Below are records; please set down exactly the lines from the first through the one containing "dvd (\<Sum>i=1..n. c".

##### EXERCISE INPUT #####

lemma fps_const_dvd_mult_cancel:
  fixes c f :: "int fps"
  assumes "coprime m (c $ 0)" and "fps_const m dvd c * f"
  shows "fps_const m dvd f"
  unfolding fps_const_dvd_iff
proof
  fix n show "m dvd f $ n"
  proof (induction n rule: less_induct)
    case (less n)
    have "(c * f) $ n = c $ 0 * f $ n + (\<Sum>i=1..n. c $ i * f $ (n - i))"
      by (simp add: fps_mult_nth sum.atLeast_Suc_atMost)
    moreover have "m dvd (\<Sum>i=1..n. c $ i * f $ (n - i))"
      by (rule dvd_sum) (use less in auto)
    moreover have "m dvd (c * f) $ n"
      using assms(2) by (simp add: fps_const_dvd_iff)
    ultimately have "m dvd c $ 0 * f $ n"
      by (metis dvd_add_left_iff)
    then show ?case
      using assms(1) by (simp add: coprime_dvd_mult_right_iff)
  qed
qed

lemma fps_mult_nth_cong: "(\<And>j. j \<le> n \<Longrightarrow> f $ j = g $ j) \<Longrightarrow> (h * f) $ n = (h * g) $ n"
  by (simp add: fps_mult_nth)

section \<open>The Motzkin generating function\<close>

lemma sum_list_take_Cons:
  "sum_list (take k (x # xs)) = (if k = 0 then 0 else x + sum_list (take (k - 1) xs))"
  by (cases k) auto

lemma finite_motzkin_paths: "finite (motzkin_paths n)"
proof (rule finite_subset)
  show "motzkin_paths n \<subseteq> {xs. set xs \<subseteq> {-1, 0, 1} \<and> length xs = n}"
    by (auto simp: motzkin_paths_def)
  show "finite {xs. set xs \<subseteq> {-1::int, 0, 1} \<and> length xs = n}"
    by (rule finite_lists_length_eq) simp
qed

lemma motzkin_0: "motzkin 0 = 1"
proof -
  have "motzkin_paths 0 = {[]}" by (auto simp: motzkin_paths_def)
  then show ?thesis by (simp add: motzkin_def)
qed

lemma motzkin_1: "motzkin (Suc 0) = 1"
proof -
  have "motzkin_paths (Suc 0) = {[0]}"
  proof (intro equalityI subsetI)
    fix xs assume "xs \<in> motzkin_paths (Suc 0)"
    then have "length xs = 1" "sum_list xs = 0" by (auto simp: motzkin_paths_def)
    then show "xs \<in> {[0]}" by (cases xs) auto
  qed (auto simp: motzkin_paths_def sum_list_take_Cons)
  then show ?thesis by (simp add: motzkin_def)
qed

lemma Cons_0_in_motzkin_paths_iff:
  "0 # xs \<in> motzkin_paths (Suc n) \<longleftrightarrow> xs \<in> motzkin_paths n"
proof -
  have "(\<forall>k\<le>Suc n. 0 \<le> sum_list (take k (0 # xs))) \<longleftrightarrow> (\<forall>k\<le>n. 0 \<le> sum_list (take k xs))"
    by (auto simp: sum_list_take_Cons)
  then show ?thesis by (auto simp: motzkin_paths_def)
qed

lemma arch_in_motzkin_paths:
  assumes "xs \<in> motzkin_paths a" "ys \<in> motzkin_paths b"
  shows "1 # xs @ (-1) # ys \<in> motzkin_paths (a + b + 2)"
  unfolding motzkin_paths_def
proof (intro CollectI conjI allI impI)
  fix k assume k: "k \<le> a + b + 2"
  have xs: "length xs = a" "sum_list xs = 0" "\<And>i. i \<le> a \<Longrightarrow> sum_list (take i xs) \<ge> 0"
    and ys: "\<And>i. i \<le> b \<Longrightarrow> sum_list (take i ys) \<ge> 0"
    using assms by (auto simp: motzkin_paths_def)
  show "sum_list (take k (1 # xs @ (-1) # ys)) \<ge> 0"
  proof (cases "k \<le> Suc a")
    case True
    then show ?thesis using xs by (cases "k = Suc a") (auto simp: sum_list_take_Cons)
  next
    case False
    then have "sum_list (take k (1 # xs @ (-1) # ys)) = sum_list (take (k - a - 2) ys)"
      using xs by (simp add: sum_list_take_Cons)
    then show ?thesis using ys[of "k - a - 2"] k by simp
  qed
qed (use assms in \<open>auto simp: motzkin_paths_def\<close>)

lemma arch_prefix_sum_eq_0_iff:
  assumes "xs \<in> motzkin_paths a" "k \<le> Suc a"
  shows "sum_list (take (Suc k) (1 # xs @ (-1) # ys)) = 0 \<longleftrightarrow> k = Suc a"
proof -
  have xs: "length xs = a" "sum_list xs = 0" "\<And>i. i \<le> a \<Longrightarrow> sum_list (take i xs) \<ge> 0"
    using assms by (auto simp: motzkin_paths_def)
  show ?thesis
  proof (cases "k = Suc a")
    case False
    then have "k \<le> a" using assms(2) by simp
    then show ?thesis using xs(1) xs(3)[of k] False by simp
  qed (use xs in simp)
qed

lemma arch_inj:
  assumes "xs \<in> motzkin_paths a" "xs' \<in> motzkin_paths a'"
    and "1 # xs @ (-1) # ys = 1 # xs' @ (-1) # ys'"
  shows "xs = xs' \<and> ys = ys'"
proof -
  have not_less: "\<not> a < a'"
    if "xs \<in> motzkin_paths a" "xs' \<in> motzkin_paths a'"
      "1 # xs @ (-1) # ys = 1 # xs' @ (-1) # ys'" for a a' xs xs' ys ys'
    using that arch_prefix_sum_eq_0_iff[of xs a "Suc a" ys]
      arch_prefix_sum_eq_0_iff[of xs' a' "Suc a" ys'] by auto
  have "a = a'"
    using not_less[OF assms] not_less[OF assms(2,1) assms(3)[symmetric]] by simp
  then have "length xs = length xs'"
    using assms(1,2) by (simp add: motzkin_paths_def)
  then show ?thesis using assms(3) by simp
qed

lemma motzkin_path_first_step:
  assumes "zs \<in> motzkin_paths (Suc n)"
  obtains t where "zs = 0 # t" | t where "zs = 1 # t"
proof -
  from assms have "length zs = Suc n" "set zs \<subseteq> {-1, 0, 1}" "sum_list (take 1 zs) \<ge> 0"
    by (auto simp: motzkin_paths_def)
  then obtain x t where "zs = x # t" "x \<in> {-1, 0, 1}" "x \<ge> 0" by (cases zs) auto
  then show ?thesis using that by auto
qed

lemma take_in_motzkin_paths:
  assumes "set t \<subseteq> {-1, 0, 1}" "j \<le> length t"
    and "\<And>i. i \<le> j \<Longrightarrow> sum_list (take i t) \<ge> 0" "sum_list (take j t) = 0"
  shows "take j t \<in> motzkin_paths j"
  using assms set_take_subset[of j t]
  by (auto simp: motzkin_paths_def min_def)

lemma drop_in_motzkin_paths:
  assumes "set t \<subseteq> {-1, 0, 1}" "j \<le> length t"
    and "\<And>i. i \<le> length t \<Longrightarrow> sum_list (take i t) \<ge> c" "sum_list (take j t) = c"
    and "sum_list t = c"
  shows "drop j t \<in> motzkin_paths (length t - j)"
  unfolding motzkin_paths_def
proof (intro CollectI conjI allI impI)
  fix i assume "i \<le> length t - j"
  then have "sum_list (take (j + i) t) \<ge> c" using assms(2,3) by simp
  then show "sum_list (take i (drop j t)) \<ge> 0"
    using assms(4) by (simp add: take_add)
next
  show "sum_list (drop j t) = 0"
    using assms(4,5) by (metis append_take_drop_id sum_list_append add_left_cancel add_0_right)
qed (use assms(1) set_drop_subset[of j t] in auto)

lemma motzkin_path_first_return:
  assumes "1 # t \<in> motzkin_paths (Suc (Suc n))"
  obtains k xs ys where "k \<le> n" "xs \<in> motzkin_paths k" "ys \<in> motzkin_paths (n - k)"
    "t = xs @ (-1) # ys"
proof -
  define q where "q i = sum_list (take i t)" for i
  have t: "length t = Suc n" "set t \<subseteq> {-1, 0, 1}" "sum_list t = -1"
    using assms by (auto simp: motzkin_paths_def)
  have q_ge: "q i \<ge> -1" if "i \<le> Suc n" for i
  proof -
    have "\<forall>k\<le>Suc (Suc n). sum_list (take k (1 # t)) \<ge> 0"
      using assms by (simp add: motzkin_paths_def)
    then show ?thesis using that by (auto simp: q_def dest: spec[of _ "Suc i"])
  qed
  have "q (Suc n) = -1" using t by (simp add: q_def)
  \<comment> \<open>The path first returns to the axis at step \<open>j + 1\<close>.\<close>
  define j where "j = (LEAST i. q i = -1)"
  have qj: "q j = -1"
    unfolding j_def by (rule LeastI[of "\<lambda>i. q i = -1"]) fact
  have j_le: "j \<le> Suc n"
    unfolding j_def by (rule Least_le) fact
  have q_before: "q i \<ge> 0" if "i < j" for i
  proof -
    have "q i \<noteq> -1"
      using not_less_Least[of i "\<lambda>i. q i = -1"] that unfolding j_def by blast
    then show ?thesis using q_ge[of i] that j_le by simp
  qed
  obtain j' where j': "j = Suc j'"
    using qj by (cases j) (simp_all add: q_def)
  have "j' < length t" using t j' j_le by simp
  then have "t ! j' \<in> {-1, 0, 1}" using t(2) nth_mem by blast
  moreover have "q j = q j' + t ! j'"
    using \<open>j' < length t\<close> j' by (simp add: q_def take_Suc_conv_app_nth)
  ultimately have qj': "q j' = 0" and step: "t ! j' = -1"
    using qj q_before[of j'] j' by auto
  have "take j' t \<in> motzkin_paths j'"
    using t j' j_le q_before qj' by (intro take_in_motzkin_paths) (auto simp: q_def)
  moreover have "drop j t \<in> motzkin_paths (n - j')"
    using drop_in_motzkin_paths[of t j "-1"] t j' j_le q_ge qj by (simp add: q_def)
  moreover have "t = take j' t @ (-1) # drop j t"
    using id_take_nth_drop[of j' t] t j' j_le step by simp
  ultimately show ?thesis
    using that j' j_le by simp
qed

lemma motzkin_paths_Suc_Suc:
  "motzkin_paths (Suc (Suc n)) = Cons 0 ` motzkin_paths (Suc n)
     \<union> (\<lambda>(k, xs, ys). 1 # xs @ (-1) # ys) ` (SIGMA k:{..n}. motzkin_paths k \<times> motzkin_paths (n - k))"
  (is "_ = _ \<union> ?arch ` ?S")
proof (intro equalityI subsetI)
  fix zs assume zs: "zs \<in> motzkin_paths (Suc (Suc n))"
  then show "zs \<in> Cons 0 ` motzkin_paths (Suc n) \<union> ?arch ` ?S"
  proof (cases rule: motzkin_path_first_step)
    case (1 t)
    then show ?thesis using zs Cons_0_in_motzkin_paths_iff by blast
  next
    case (2 t)
    with zs have "1 # t \<in> motzkin_paths (Suc (Suc n))" by simp
    then obtain k xs ys where "k \<le> n" "xs \<in> motzkin_paths k" "ys \<in> motzkin_paths (n - k)"
      "t = xs @ (-1) # ys"
      by (rule motzkin_path_first_return)
    then have "zs = ?arch (k, xs, ys)" "(k, xs, ys) \<in> ?S"
      using 2 by auto
    then show ?thesis by blast
  qed
next
  fix zs assume "zs \<in> Cons 0 ` motzkin_paths (Suc n) \<union> ?arch ` ?S"
  then consider t where "t \<in> motzkin_paths (Suc n)" "zs = 0 # t"
    | k xs ys where "k \<le> n" "xs \<in> motzkin_paths k" "ys \<in> motzkin_paths (n - k)"
        "zs = 1 # xs @ (-1) # ys"
    by auto
  then show "zs \<in> motzkin_paths (Suc (Suc n))"
  proof cases
    case 1
    then show ?thesis by (simp add: Cons_0_in_motzkin_paths_iff)
  next
    case (2 k xs ys)
    then show ?thesis using arch_in_motzkin_paths[of xs k ys "n - k"] by simp
  qed
qed

lemma inj_on_arch:
  "inj_on (\<lambda>(k, xs, ys). 1 # xs @ (-1) # ys) (SIGMA k:K. motzkin_paths k \<times> Y k)"
proof (rule inj_onI)
  fix u v
  assume "u \<in> (SIGMA k:K. motzkin_paths k \<times> Y k)" "v \<in> (SIGMA k:K. motzkin_paths k \<times> Y k)"
    and "(\<lambda>(k, xs, ys). 1 # xs @ (-1) # ys) u = (\<lambda>(k, xs, ys). 1 # xs @ (-1) # ys) v"
  then obtain k xs ys k' xs' ys' where u: "u = (k, xs, ys)" "xs \<in> motzkin_paths k"
    and v: "v = (k', xs', ys')" "xs' \<in> motzkin_paths k'"
    and "1 # xs @ (-1) # ys = 1 # xs' @ (-1) # ys'"
    by auto
  then have "xs = xs'" "ys = ys'" by (blast dest: arch_inj)+
  moreover have "k = length xs" "k' = length xs'"
    using u v by (simp_all add: motzkin_paths_def)
  ultimately show "u = v" using u v by simp
qed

#####

--- RESPONSE FOR THIS EXERCISE ---
lemma fps_const_dvd_mult_cancel:
  fixes c f :: "int fps"
  assumes "coprime m (c $ 0)" and "fps_const m dvd c * f"
  shows "fps_const m dvd f"
  unfolding fps_const_dvd_iff
proof
  fix n show "m dvd f $ n"
  proof (induction n rule: less_induct)
    case (less n)
    have "(c * f) $ n = c $ 0 * f $ n + (\<Sum>i=1..n. c $ i * f $ (n - i))"
      by (simp add: fps_mult_nth sum.atLeast_Suc_atMost)
    moreover have "m dvd (\<Sum>i=1..n. c $ i * f $ (n - i))"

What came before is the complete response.